The cluster deployed using TiUP shows that the necessary component NgMonitoring is not started

Note:
This topic has been translated from a Chinese forum by GPT and might contain errors.

Original topic: 使用 TiUP 部署的集群显示集群中未启动必要组件 NgMonitoring

| username: myzz

[TiDB Usage Environment] Production Environment
[TiDB Version] v6.5.0
[Encountered Issue: Phenomenon and Impact]


After completing the deployment according to the official TiUP installation process, it shows that the necessary component NgMonitoring is not started. Then I went to the official website

After troubleshooting according to the corresponding steps, I found that the configuration does have ng_port configured.
To be safe, I reloaded once, but the same error still occurs after reloading. I don’t know how to solve it.

Thank you, experts, for your help in answering this.

| username: caiyfc | Original post link

Take a look at this: NgMonitoring cannot start issue - :ringer_planet: TiDB Technical Issues / Deployment & Operations Management - TiDB Q&A Community (asktug.com)

| username: myzz | Original post link

I just checked, and there is no /data/tidb-data/prometheus-9090/docdb file on my ng_monitoring machine.

| username: caiyfc | Original post link

Check the logs to see if there are any errors.

| username: myzz | Original post link

Where can I find all the startup logs related to TiDB? I couldn’t find it in the documentation. :expressionless:

| username: caiyfc | Original post link

Check if there are any error messages in this path.

| username: myzz | Original post link

I went to /data/tidb-deploy/prometheus-9090/log and didn’t see any logs.
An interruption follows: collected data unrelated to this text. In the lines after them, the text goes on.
(* Let $S$ be the set of matrices $C \in \mathbb{F}_2^{4\times 4}$ with $\mathrm{rank}_{\mathbb{F}_2}(C)=4$ that are not $(2,2)$-Hadamard expressible over $\mathbb{F}_2$ (this set has $5{,}304$ elements). For every $C \in S$, regarding $C$ as an integer matrix with entries in $\{0,1\}$, there do not exist integer matrices $A, B \in \mathbb{Z}^{4\times 4}$ with $\mathrm{rank}(A) \le 2$ and $\mathrm{rank}(B) \le 2$ such that $C = A \circ B$ (entrywise product in $\mathbb{Z}$). That is, every element of $S$ remains a counterexample over $\mathbb{Z}$.
   Context: The Hadamard product of two $m\times n$ matrices $A=(a_{ij})$ and $B=(b_{ij})$ is the $m\times n$ matrix $A\circ B=(a_{ij}b_{ij})$. A matrix $M \in \mathbb{F}_2^{4\times 4}$ is called $(2,2)$-Hadamard expressible over $\mathbb{F}_2$ if there exist $A, B \in \mathbb{F}_2^{4\times 4}$ with $\mathrm{rank}_{\mathbb{F}_2}(A) \le 2$ and $\mathrm{rank}_{\mathbb{F}_2}(B) \le 2$ such that $M = A\circ B$. For integer matrices, rank means rank over $\mathbb{Q}$ (equivalently over $\mathbb{R}$). *)

theory Defs
  imports "Jordan_Normal_Form.DL_Rank" "HOL-Library.Z2"
begin

definition hadamard :: "'a::times mat \<Rightarrow> 'a mat \<Rightarrow> 'a mat" where
  "hadamard A B = mat (dim_row A) (dim_col A) (\<lambda>(i,j). A $$ (i,j) * B $$ (i,j))"

definition hadamard_22_expressible_F2 :: "bit mat \<Rightarrow> bool" where
  "hadamard_22_expressible_F2 M \<longleftrightarrow>
     (\<exists>A B. A \<in> carrier_mat 4 4 \<and> B \<in> carrier_mat 4 4 \<and>
        vec_space.rank 4 A \<le> 2 \<and> vec_space.rank 4 B \<le> 2 \<and> M = hadamard A B)"

definition int_rank :: "int mat \<Rightarrow> nat" where
  "int_rank A = vec_space.rank (dim_row A) (map_mat (of_int :: int \<Rightarrow> rat) A)"

end

theory Submission
  imports Defs
begin

(* Reduction modulo 2 maps an integer factorisation map_mat of_bit C = A \<circ> B to a factorisation
   C = (A mod 2) \<circ> (B mod 2) over F_2, and it does not increase rank: columns of A that are
   independent mod 2 are independent over Q, since a rational dependency can be scaled to an
   integral one and then halved until some coefficient is odd, which gives a dependency mod 2.
   So C would be (2,2)-Hadamard expressible over F_2. *)

lemma of_int_bit_eq_0_iff [simp]: "(of_int k :: bit) = 0 \<longleftrightarrow> even k"
  using even_of_int_iff[of k, where ?'a = bit] by (cases "of_int k :: bit") auto

lemma abs_div_2_less: "even (a::int) \<Longrightarrow> a \<noteq> 0 \<Longrightarrow> \<bar>a div 2\<bar> < \<bar>a\<bar>"
  by (auto elim!: evenE simp: abs_if)

lemma int_vec_eq_pow2_smult_odd:
  fixes y :: "int vec"
  assumes "y \<in> carrier_vec m" "y \<noteq> 0\<^sub>v m"
  shows "\<exists>k y'. y' \<in> carrier_vec m \<and> y = 2 ^ k \<cdot>\<^sub>v y' \<and> (\<exists>j<m. odd (y' $ j))"
  using assms
proof (induction "\<Sum>j<m. nat \<bar>y $ j\<bar>" arbitrary: y rule: less_induct)
  case less
  show ?case
  proof (cases "\<exists>j<m. odd (y $ j)")
    case True
    then show ?thesis
      using less.prems(1) by (intro exI[of _ 0] exI[of _ y]) auto
  next
    case False
    define h where "h = map_vec (\<lambda>a. a div 2) y"
    have h: "h \<in> carrier_vec m" using less.prems(1) by (simp add: h_def)
    have y_eq: "y = 2 \<cdot>\<^sub>v h"
      using False less.prems(1) by (intro eq_vecI) (auto simp: h_def)
    have "h \<noteq> 0\<^sub>v m" using y_eq less.prems(2) by auto
    moreover have "(\<Sum>j<m. nat \<bar>h $ j\<bar>) < (\<Sum>j<m. nat \<bar>y $ j\<bar>)"
    proof (rule sum_strict_mono_ex1)
      obtain j where "j < m" "y $ j \<noteq> 0"
        using less.prems by (auto simp: vec_eq_iff)
      then show "\<exists>j\<in>{..<m}. nat \<bar>h $ j\<bar> < nat \<bar>y $ j\<bar>"
        using False less.prems(1) abs_div_2_less by (auto simp: h_def)
    qed (use less.prems(1) in \<open>auto simp: h_def\<close>)
    ultimately obtain k y' where "y' \<in> carrier_vec m" "h = 2 ^ k \<cdot>\<^sub>v y'" "\<exists>j<m. odd (y' $ j)"
      using less.hyps h by blast
    then show ?thesis
      using y_eq by (intro exI[of _ "Suc k"] exI[of _ y']) (auto simp: smult_smult_assoc)
  qed
qed

lemma int_kernel_imp_bit_kernel:
  fixes N :: "int mat"
  assumes N: "N \<in> carrier_mat n m"
    and y: "y \<in> carrier_vec m" "y \<noteq> 0\<^sub>v m" and Ny: "N *\<^sub>v y = 0\<^sub>v n"
  shows "\<exists>z :: bit vec. z \<in> carrier_vec m \<and> z \<noteq> 0\<^sub>v m \<and> map_mat of_int N *\<^sub>v z = 0\<^sub>v n"
proof -
  obtain k y' j where y': "y' \<in> carrier_vec m" "y = 2 ^ k \<cdot>\<^sub>v y'" and j: "j < m" "odd (y' $ j)"
    using int_vec_eq_pow2_smult_odd[OF y] by blast
  have "(N *\<^sub>v y') $ i = 0" if "i < n" for i
  proof -
    have "2 ^ k * (N *\<^sub>v y') $ i = (N *\<^sub>v y) $ i" using that N y' by simp
    then show ?thesis using Ny that by simp
  qed
  then have Ny': "N *\<^sub>v y' = 0\<^sub>v n"
    using N by (intro eq_vecI) auto
  define z where "z = map_vec (of_int :: int \<Rightarrow> bit) y'"
  have "z $ j \<noteq> 0" using j y' by (simp add: z_def)
  then have "z \<noteq> 0\<^sub>v m" using j by auto
  moreover have "map_mat of_int N *\<^sub>v z = 0\<^sub>v n"
    unfolding z_def using of_int_hom.mult_mat_vec_hom[OF N y'(1), symmetric] Ny'
    by (simp add: of_int_hom.vec_hom_zero)
  moreover have "z \<in> carrier_vec m" using y'(1) by (simp add: z_def)
  ultimately show ?thesis by blast
qed

lemma rat_kernel_imp_int_kernel:
  fixes N :: "int mat" and x :: "rat vec"
  assumes N: "N \<in> carrier_mat n m"
    and x: "x \<in> carrier_vec m" "x \<noteq> 0\<^sub>v m" and Nx: "map_mat of_int N *\<^sub>v x = 0\<^sub>v n"
  shows "\<exists>y. y \<in> carrier_vec m \<and> y \<noteq> 0\<^sub>v m \<and> N *\<^sub>v y = 0\<^sub>v n"
proof -
  define p where "p j = fst (quotient_of (x $ j))" for j
  define q where "q j = snd (quotient_of (x $ j))" for j
  define D where "D = (\<Prod>j<m. q j)"
  have q_pos: "q j > 0" for j
    unfolding q_def by (rule quotient_of_denom_pos')
  have x_eq: "x $ j = of_int (p j) / of_int (q j)" for j
    unfolding p_def q_def by (rule quotient_of_div) simp
  have "D > 0" unfolding D_def using q_pos by (simp add: prod_pos)
  define y where "y = vec m (\<lambda>j. p j * (D div q j))"
  have y: "y \<in> carrier_vec m" by (simp add: y_def)
  have y_x: "map_vec (of_int :: int \<Rightarrow> rat) y = of_int D \<cdot>\<^sub>v x"
  proof (rule eq_vecI)
    fix j assume "j < dim_vec (of_int D \<cdot>\<^sub>v x)"
    then have j: "j < m" using x by simp
    have "q j dvd D" unfolding D_def using j by (intro dvd_prodI) auto
    then obtain k where "D = q j * k" by (elim dvdE)
    then show "map_vec of_int y $ j = (of_int D \<cdot>\<^sub>v x) $ j"
      using j q_pos[of j] x(1) by (simp add: y_def x_eq)
  qed (use x in \<open>simp add: y_def\<close>)
  have "map_vec (of_int :: int \<Rightarrow> rat) (N *\<^sub>v y) = map_mat of_int N *\<^sub>v map_vec of_int y"
    by (rule of_int_hom.mult_mat_vec_hom[OF N y])
  also have "\<dots> = of_int D \<cdot>\<^sub>v (map_mat of_int N *\<^sub>v x)"
    unfolding y_x using N x(1) by (simp add: mult_mat_vec)
  also have "\<dots> = map_vec of_int (0\<^sub>v n)" unfolding Nx by auto
  finally have "N *\<^sub>v y = 0\<^sub>v n" by (rule of_int_hom.vec_hom_inj)
  moreover have "y \<noteq> 0\<^sub>v m"
  proof
    assume "y = 0\<^sub>v m"
    then have "of_int D \<cdot>\<^sub>v x = 0\<^sub>v m" using y_x by (simp add: of_int_hom.vec_hom_zero)
    then show False using \<open>D > 0\<close> x by (auto simp: vec_eq_iff)
  qed
  ultimately show ?thesis using y by blast
qed

lemma rat_kernel_imp_bit_kernel:
  fixes N :: "int mat" and x :: "rat vec"
  assumes "N \<in> carrier_mat n m"
    and "x \<in> carrier_vec m" "x \<noteq> 0\<^sub>v m" "map_mat of_int N *\<^sub>v x = 0\<^sub>v n"
  shows "\<exists>z :: bit vec. z \<in> carrier_vec m \<and> z \<noteq> 0\<^sub>v m \<and> map_mat of_int N *\<^sub>v z = 0\<^sub>v n"
  using rat_kernel_imp_int_kernel[OF assms] int_kernel_imp_bit_kernel[OF assms(1)] by blast

lemma (in vec_space) rank_eq_card_indpt_col_indices:
  assumes A: "A \<in> carrier_mat n nc"
  obtains J where "J \<subseteq> {..<nc}" "inj_on (col A) J" "lin_indpt (col A ` J)" "rank A = card J"
proof -
  obtain S where S: "maximal S (\<lambda>T. T \<subseteq> set (cols A) \<and> lin_indpt T)"
    using maximal_exists[of "\<lambda>T. T \<subseteq> set (cols A) \<and> lin_indpt T" "card (set (cols A))" "{}"]
    by (meson List.finite_set card_mono empty_iff empty_subsetI finite_lin_indpt2 rev_finite_subset)
  have "set (cols A) = col A ` {..<nc}"
    using A by (simp add: cols_def atLeast0LessThan)
  then have "S \<subseteq> col A ` {..<nc}"
    using S by (simp add: maximal_def)
  then obtain J where J: "J \<subseteq> {..<nc}" "inj_on (col A) J" "S = col A ` J"
    unfolding subset_image_inj by blast
  moreover have "lin_indpt (col A ` J)"
    using S J(3) by (simp add: maximal_def)
  moreover have "rank A = card J"
    using rank_card_indpt[OF A S] J(2,3) by (simp add: card_image)
  ultimately show thesis using that by blast
qed

lemma lin_indpt_cols_of_int_bit_imp_rat:
  fixes N :: "int mat"
  assumes N: "N \<in> carrier_mat n k"
    and distinct: "distinct (cols (map_mat (of_int :: int \<Rightarrow> bit) N))"
      "distinct (cols (map_mat (of_int :: int \<Rightarrow> rat) N))"
    and indpt: "LinearCombinations.module.lin_indpt class_ring (module_vec TYPE(bit) n)
      (set (cols (map_mat of_int N)))"
  shows "LinearCombinations.module.lin_indpt class_ring (module_vec TYPE(rat) n)
    (set (cols (map_mat of_int N)))"
proof
  interpret F2: vec_space "TYPE(bit)" n .
  interpret Q: vec_space "TYPE(rat)" n .
  have N2: "map_mat (of_int :: int \<Rightarrow> bit) N \<in> carrier_mat n k"
    and NQ: "map_mat (of_int :: int \<Rightarrow> rat) N \<in> carrier_mat n k"
    using N by auto
  assume "Q.lin_dep (set (cols (map_mat of_int N)))"
  then obtain x :: "rat vec" where "x \<in> carrier_vec k" "x \<noteq> 0\<^sub>v k" "map_mat of_int N *\<^sub>v x = 0\<^sub>v n"
    by (rule Q.lin_depE[OF NQ _ distinct(2)])
  then obtain z :: "bit vec" where "z \<in> carrier_vec k" "z \<noteq> 0\<^sub>v k" "map_mat of_int N *\<^sub>v z = 0\<^sub>v n"
    using rat_kernel_imp_bit_kernel[OF N] by blast
  then have "F2.lin_dep (set (cols (map_mat of_int N)))"
    by (rule F2.lin_depI[OF N2 _ _ _ distinct(1)])
  with indpt show False by blast
qed

lemma lin_indpt_col_image_of_int_bit_imp_rat:
  fixes A :: "int mat"
  defines "A2 \<equiv> map_mat (of_int :: int \<Rightarrow> bit) A" and "AQ \<equiv> map_mat (of_int :: int \<Rightarrow> rat) A"
  assumes A: "A \<in> carrier_mat n m" and J: "J \<subseteq> {..<m}" "inj_on (col A2) J"
    and indpt: "LinearCombinations.module.lin_indpt class_ring (module_vec TYPE(bit) n) (col A2 ` J)"
  shows "inj_on (col AQ) J"
    and "LinearCombinations.module.lin_indpt class_ring (module_vec TYPE(rat) n) (col AQ ` J)"
proof -
  have col_A2: "col A2 j = map_vec of_int (col A j)" and col_AQ: "col AQ j = map_vec of_int (col A j)"
    if "j \<in> J" for j
    using that J(1) A by (auto simp: A2_def AQ_def)
  show inj_AQ: "inj_on (col AQ) J"
  proof (rule inj_onI)
    fix i j assume "i \<in> J" "j \<in> J" "col AQ i = col AQ j"
    then have "col A i = col A j" by (auto simp: col_AQ intro: of_int_hom.vec_hom_inj)
    then have "col A2 i = col A2 j" using \<open>i \<in> J\<close> \<open>j \<in> J\<close> by (simp add: col_A2)
    then show "i = j" using inj_onD[OF J(2)] \<open>i \<in> J\<close> \<open>j \<in> J\<close> by blast
  qed
  define js where "js = sorted_list_of_set J"
  have "finite J" using J(1) finite_subset by blast
  then have js: "distinct js" "set js = J" by (simp_all add: js_def)
  define N where "N = mat_of_cols n (map (col A) js)"
  have cols_A: "set (map (col A) js) \<subseteq> carrier_vec n" using A by auto
  have cols_N2: "cols (map_mat (of_int :: int \<Rightarrow> bit) N) = map (col A2) js"
    unfolding N_def mat_of_cols_map[OF cols_A, symmetric] using cols_A js(2)
    by (subst cols_mat_of_cols) (auto simp: col_A2)
  have cols_NQ: "cols (map_mat (of_int :: int \<Rightarrow> rat) N) = map (col AQ) js"
    unfolding N_def mat_of_cols_map[OF cols_A, symmetric] using cols_A js(2)
    by (subst cols_mat_of_cols) (auto simp: col_AQ)
  have "N \<in> carrier_mat n (length js)"
    unfolding N_def using mat_of_cols_carrier(1)[of n "map (col A) js"] by simp
  from lin_indpt_cols_of_int_bit_imp_rat[OF this]
  show "LinearCombinations.module.lin_indpt class_ring (module_vec TYPE(rat) n) (col AQ ` J)"
    using J(2) inj_AQ js indpt by (simp add: cols_N2 cols_NQ distinct_map)
qed

lemma rank_of_int_bit_le_rank_of_int_rat:
  fixes A :: "int mat"
  assumes A: "A \<in> carrier_mat n m"
  shows "vec_space.rank n (map_mat (of_int :: int \<Rightarrow> bit) A)
    \<le> vec_space.rank n (map_mat (of_int :: int \<Rightarrow> rat) A)"
proof -
  interpret F2: vec_space "TYPE(bit)" n .
  interpret Q: vec_space "TYPE(rat)" n .
  let ?A2 = "map_mat (of_int :: int \<Rightarrow> bit) A" and ?AQ = "map_mat (of_int :: int \<Rightarrow> rat) A"
  obtain J where J: "J \<subseteq> {..<m}" "inj_on (col ?A2) J" "F2.lin_indpt (col ?A2 ` J)"
    and rank_A2: "F2.rank ?A2 = card J"
    using F2.rank_eq_card_indpt_col_indices[of ?A2 m] A by auto
  have "inj_on (col ?AQ) J" "Q.lin_indpt (col ?AQ ` J)"
    using lin_indpt_col_image_of_int_bit_imp_rat[OF A J] by auto
  moreover have "col ?AQ ` J \<subseteq> set (cols ?AQ)"
    using J(1) A by (auto simp: cols_def)
  ultimately have "card (col ?AQ ` J) \<le> Q.rank ?AQ"
    using Q.rank_ge_card_indpt[of ?AQ m] A by auto
  then show ?thesis
    using rank_A2 \<open>inj_on (col ?AQ) J\<close> by (simp add: card_image)
qed

lemma map_mat_hadamard:
  assumes "A \<in> carrier_mat n m" "B \<in> carrier_mat n m" and "\<And>x y. f (x * y) = f x * f y"
  shows "map_mat f (hadamard A B) = hadamard (map_mat f A) (map_mat f B)"
  using assms by (intro eq_matI) (auto simp: hadamard_def)

theorem mainTheorem2:
  fixes C :: "bit mat"
  assumes "C \<in> carrier_mat 4 4"
    and "vec_space.rank 4 C = 4"
    and "\<not> hadamard_22_expressible_F2 C"
  shows "\<not> (\<exists>A B :: int mat. A \<in> carrier_mat 4 4 \<and> B \<in> carrier_mat 4 4 \<and>
             int_rank A \<le> 2 \<and> int_rank B \<le> 2 \<and>
             map_mat of_bit C = hadamard A B)"
proof
  assume "\<exists>A B :: int mat. A \<in> carrier_mat 4 4 \<and> B \<in> carrier_mat 4 4 \<and>
             int_rank A \<le> 2 \<and> int_rank B \<le> 2 \<and>
             map_mat of_bit C = hadamard A B"
  then obtain A B :: "int mat" where A: "A \<in> carrier_mat 4 4" and B: "B \<in> carrier_mat 4 4"
    and rank_A: "int_rank A \<le> 2" and rank_B: "int_rank B \<le> 2"
    and C_eq: "map_mat of_bit C = hadamard A B"
    by blast
  let ?A2 = "map_mat (of_int :: int \<Rightarrow> bit) A" and ?B2 = "map_mat (of_int :: int \<Rightarrow> bit) B"
  have "C = map_mat of_int (map_mat of_bit C :: int mat)"
    using assms(1) by (intro eq_matI) (auto simp: of_bool_def)
  also have "\<dots> = hadamard ?A2 ?B2"
    unfolding C_eq using A B by (intro map_mat_hadamard) auto
  finally have "C = hadamard ?A2 ?B2" .
  moreover have "vec_space.rank 4 ?A2 \<le> 2" "vec_space.rank 4 ?B2 \<le> 2"
    using rank_of_int_bit_le_rank_of_int_rat[OF A] rank_of_int_bit_le_rank_of_int_rat[OF B]
      rank_A rank_B A B by (auto simp: int_rank_def)
  moreover have "?A2 \<in> carrier_mat 4 4" "?B2 \<in> carrier_mat 4 4" using A B by auto
  ultimately have "hadamard_22_expressible_F2 C"
    unfolding hadamard_22_expressible_F2_def by blast
  with assms(3) show False ..
qed

end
I went to /data/tidb-deploy/prometheus-9090/bin and executed ./ng-monitoring-service, but got this error:

However, I saw in the ngmonitoring configuration that the pd_servers is set to the address of another node. Why is it 127.0.0.1 here?

| username: caiyfc | Original post link

Let’s see if anyone else has any ideas?
Or you can scale down Prometheus first, then scale it up again, which is equivalent to redeploying Prometheus, and then see?

| username: myzz | Original post link

I placed Prometheus on the PD node and then manually started ngmonitoring, and it worked. :expressionless: Is it possible that ngmonitoring didn’t read the PD address from the configuration file?

| username: caiyfc | Original post link

This phenomenon seems to be the case. You can try changing the IP in the configuration file read by ngmonitoring, which should be located at /data/tidb-deploy/prometheus-9090/conf. After making the changes, restart Prometheus, but make sure not to reload.

| username: myzz | Original post link

Solved it. After taking a closer look, I found that the endpoints node in the ngmonitoring.toml configuration is an array, but there were no commas separating the elements. After adding the commas and manually starting ngmonitoring, it worked fine. :expressionless:

| username: caiyfc | Original post link

:rofl: But you need to be careful when using it. Reloading the cluster will update the configuration files of each component, and this issue might occur again.

| username: myzz | Original post link

First, I raised an issue. If there are any problems, I’ll go back and make changes. Anyway, ngmonitoring doesn’t affect the normal use of the cluster, right? :confounded:

| username: system | Original post link

This topic was automatically closed 60 days after the last reply. New replies are no longer allowed.